### DESCRIPTION OF THE TASK
Extract all lines that hold "length" from the records below.

### Saved data entries
(* Let $n\ge1$, let $\equiv$ be a lattice congruence of the weak order on $S_n$, and let $X$ be an equivalence class with minimum $\pi$ and maximum $\rho$. Then $p(\pi)$ and $p(\rho)$ are the minimum and maximum, respectively, of the equivalence class $p(X)=\{p(\sigma):\sigma\in X\}$ of the restriction $\equiv^*$.
   Context: $S_n$ is the set of permutations of $[n]$ with the weak order (inclusion of inversion sets), which is a lattice. A lattice congruence is an equivalence relation compatible with joins and meets; each of its classes is an interval of the weak order and so has a minimum and a maximum. $p(\sigma)\in S_{n-1}$ is obtained from $\sigma\in S_n$ by deleting $n$. The restriction is defined by $\alpha\equiv^*\beta$ iff $\alpha n\equiv\beta n$ (i.e., $n$ appended at the end); it is a lattice congruence on $S_{n-1}$, and $p(X)$ is one of its classes. *)

theory Defs
  imports Main
begin

definition perms :: "nat \<Rightarrow> nat list set" where
  "perms n = {w. distinct w \<and> set w = {1..n}}"

definition inversions :: "nat list \<Rightarrow> (nat \<times> nat) set" where
  "inversions w = {(a,b). a < b \<and> (\<exists>i j. i < j \<and> j < length w \<and> w ! i = b \<and> w ! j = a)}"

definition weak_le :: "nat list \<Rightarrow> nat list \<Rightarrow> bool" where
  "weak_le x y \<longleftrightarrow> inversions x \<subseteq> inversions y"

definition weak_join :: "nat \<Rightarrow> nat list \<Rightarrow> nat list \<Rightarrow> nat list" where
  "weak_join n x y = (THE z. z \<in> perms n \<and> weak_le x z \<and> weak_le y z \<and>
      (\<forall>w\<in>perms n. weak_le x w \<and> weak_le y w \<longrightarrow> weak_le z w))"

definition weak_meet :: "nat \<Rightarrow> nat list \<Rightarrow> nat list \<Rightarrow> nat list" where
  "weak_meet n x y = (THE z. z \<in> perms n \<and> weak_le z x \<and> weak_le z y \<and>
      (\<forall>w\<in>perms n. weak_le w x \<and> weak_le w y \<longrightarrow> weak_le w z))"

definition lattice_congruence :: "nat \<Rightarrow> (nat list \<times> nat list) set \<Rightarrow> bool" where
  "lattice_congruence n R \<longleftrightarrow> equiv (perms n) R \<and>
     (\<forall>x\<in>perms n. \<forall>y\<in>perms n. \<forall>z\<in>perms n. (x, y) \<in> R \<longrightarrow>
        (weak_join n x z, weak_join n y z) \<in> R \<and> (weak_meet n x z, weak_meet n y z) \<in> R)"

definition pdel :: "nat \<Rightarrow> nat list \<Rightarrow> nat list" where
  "pdel n w = removeAll n w"

definition restriction :: "nat \<Rightarrow> (nat list \<times> nat list) set \<Rightarrow> (nat list \<times> nat list) set" where
  "restriction n R = {(a, b). a \<in> perms (n - 1) \<and> b \<in> perms (n - 1) \<and> (a @ [n], b @ [n]) \<in> R}"

definition is_min :: "nat list \<Rightarrow> nat list set \<Rightarrow> bool" where
  "is_min m A \<longleftrightarrow> m \<in> A \<and> (\<forall>s\<in>A. weak_le m s)"

definition is_max :: "nat list \<Rightarrow> nat list set \<Rightarrow> bool" where
  "is_max m A \<longleftrightarrow> m \<in> A \<and> (\<forall>s\<in>A. weak_le s m)"

end

theory Submission
  imports Defs "HOL-Library.Sublist"
begin

text \<open>Deleting a letter keeps exactly those inversions that avoid it, so \<open>p\<close> is monotone for
  the weak order and maps the minimum and maximum of \<open>X\<close> to the minimum and maximum of \<open>p(X)\<close>.\<close>

lemma ex_nth_pair_Cons_iff:
  "(\<exists>i j. i < j \<and> j < length (x # w) \<and> (x # w) ! i = b \<and> (x # w) ! j = a) \<longleftrightarrow>
   (x = b \<and> (\<exists>j<length w. w ! j = a)) \<or> (\<exists>i j. i < j \<and> j < length w \<and> w ! i = b \<and> w ! j = a)"
  (is "?lhs \<longleftrightarrow> ?rhs")
proof
  assume ?lhs
  then obtain i j where "i < j" "j < length (x # w)" "(x # w) ! i = b" "(x # w) ! j = a"
    by blast
  then show ?rhs
    by (cases i; cases j) auto
next
  assume ?rhs
  then show ?lhs
  proof
    assume "x = b \<and> (\<exists>j<length w. w ! j = a)"
    then obtain j where "x = b" "j < length w" "w ! j = a" by blast
    then show ?lhs by (intro exI[of _ 0] exI[of _ "Suc j"]) simp
  next
    assume "\<exists>i j. i < j \<and> j < length w \<and> w ! i = b \<and> w ! j = a"
    then obtain i j where "i < j" "j < length w" "w ! i = b" "w ! j = a" by blast
    then show ?lhs by (intro exI[of _ "Suc i"] exI[of _ "Suc j"]) simp
  qed
qed

lemma subseq_doubleton_conv_nth:
  "subseq [b, a] w \<longleftrightarrow> (\<exists>i j. i < j \<and> j < length w \<and> w ! i = b \<and> w ! j = a)"
proof (induction w)
  case (Cons x w)
  have "subseq [b, a] (x # w) \<longleftrightarrow> (x = b \<and> a \<in> set w) \<or> subseq [b, a] w"
    by (auto simp: subseq_singleton_left dest: subseq_Cons')
  then show ?case
    unfolding ex_nth_pair_Cons_iff Cons.IH in_set_conv_nth by blast
qed simp

lemma subseq_doubleton_filter_iff:
  "subseq [b, a] (filter P w) \<longleftrightarrow> subseq [b, a] w \<and> P a \<and> P b"
proof
  assume sub: "subseq [b, a] (filter P w)"
  then have "subseq [b, a] w"
    using subseq_filter_left subseq_order.order_trans by blast
  moreover have "P a \<and> P b"
    using list_emb_set[OF sub] by auto
  ultimately show "subseq [b, a] w \<and> P a \<and> P b" ..
next
  assume "subseq [b, a] w \<and> P a \<and> P b"
  then show "subseq [b, a] (filter P w)"
    using subseq_filter[of "[b, a]" w P] by auto
qed

lemma inversions_conv_subseq: "inversions w = {(a, b). a < b \<and> subseq [b, a] w}"
  unfolding inversions_def subseq_doubleton_conv_nth ..

lemma inversions_filter:
  "inversions (filter P w) = {(a, b) \<in> inversions w. P a \<and> P b}"
  unfolding inversions_conv_subseq subseq_doubleton_filter_iff by auto

lemma weak_le_filter: "weak_le x y \<Longrightarrow> weak_le (filter P x) (filter P y)"
  unfolding weak_le_def inversions_filter by auto

lemma weak_le_pdel: "weak_le x y \<Longrightarrow> weak_le (pdel n x) (pdel n y)"
  unfolding pdel_def removeAll_filter_not_eq by (rule weak_le_filter)

lemma is_min_pdel_image: "is_min m X \<Longrightarrow> is_min (pdel n m) (pdel n ` X)"
  unfolding is_min_def by (auto intro: weak_le_pdel)

lemma is_max_pdel_image: "is_max m X \<Longrightarrow> is_max (pdel n m) (pdel n ` X)"
  unfolding is_max_def by (auto intro: weak_le_pdel)

theorem mainTheorem6:
  fixes n :: nat and R :: "(nat list \<times> nat list) set" and X :: "nat list set"
    and \<pi> \<rho> :: "nat list"
  assumes "n \<ge> 1"
    and "lattice_congruence n R"
    and "X \<in> perms n // R"
    and "is_min \<pi> X" and "is_max \<rho> X"
  shows "is_min (pdel n \<pi>) (pdel n ` X) \<and> is_max (pdel n \<rho>) (pdel n ` X)"
  using is_min_pdel_image[OF assms(4)] is_max_pdel_image[OF assms(5)] ..

end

### EXPECTED OUTPUT
  "inversions w = {(a,b). a < b \<and> (\<exists>i j. i < j \<and> j < length w \<and> w ! i = b \<and> w ! j = a)}"
  "(\<exists>i j. i < j \<and> j < length (x # w) \<and> (x # w) ! i = b \<and> (x # w) ! j = a) \<longleftrightarrow>
   (x = b \<and> (\<exists>j<length w. w ! j = a)) \<or> (\<exists>i j. i < j \<and> j < length w \<and> w ! i = b \<and> w ! j = a)"
  then obtain i j where "i < j" "j < length (x # w)" "(x # w) ! i = b" "(x # w) ! j = a"
    assume "x = b \<and> (\<exists>j<length w. w ! j = a)"
    then obtain j where "x = b" "j < length w" "w ! j = a" by blast
    assume "\<exists>i j. i < j \<and> j < length w \<and> w ! i = b \<and> w ! j = a"
    then obtain i j where "i < j" "j < length w" "w ! i = b" "w ! j = a" by blast
  "subseq [b, a] w \<longleftrightarrow> (\<exists>i j. i < j \<and> j < length w \<and> w ! i = b \<and> w ! j = a)"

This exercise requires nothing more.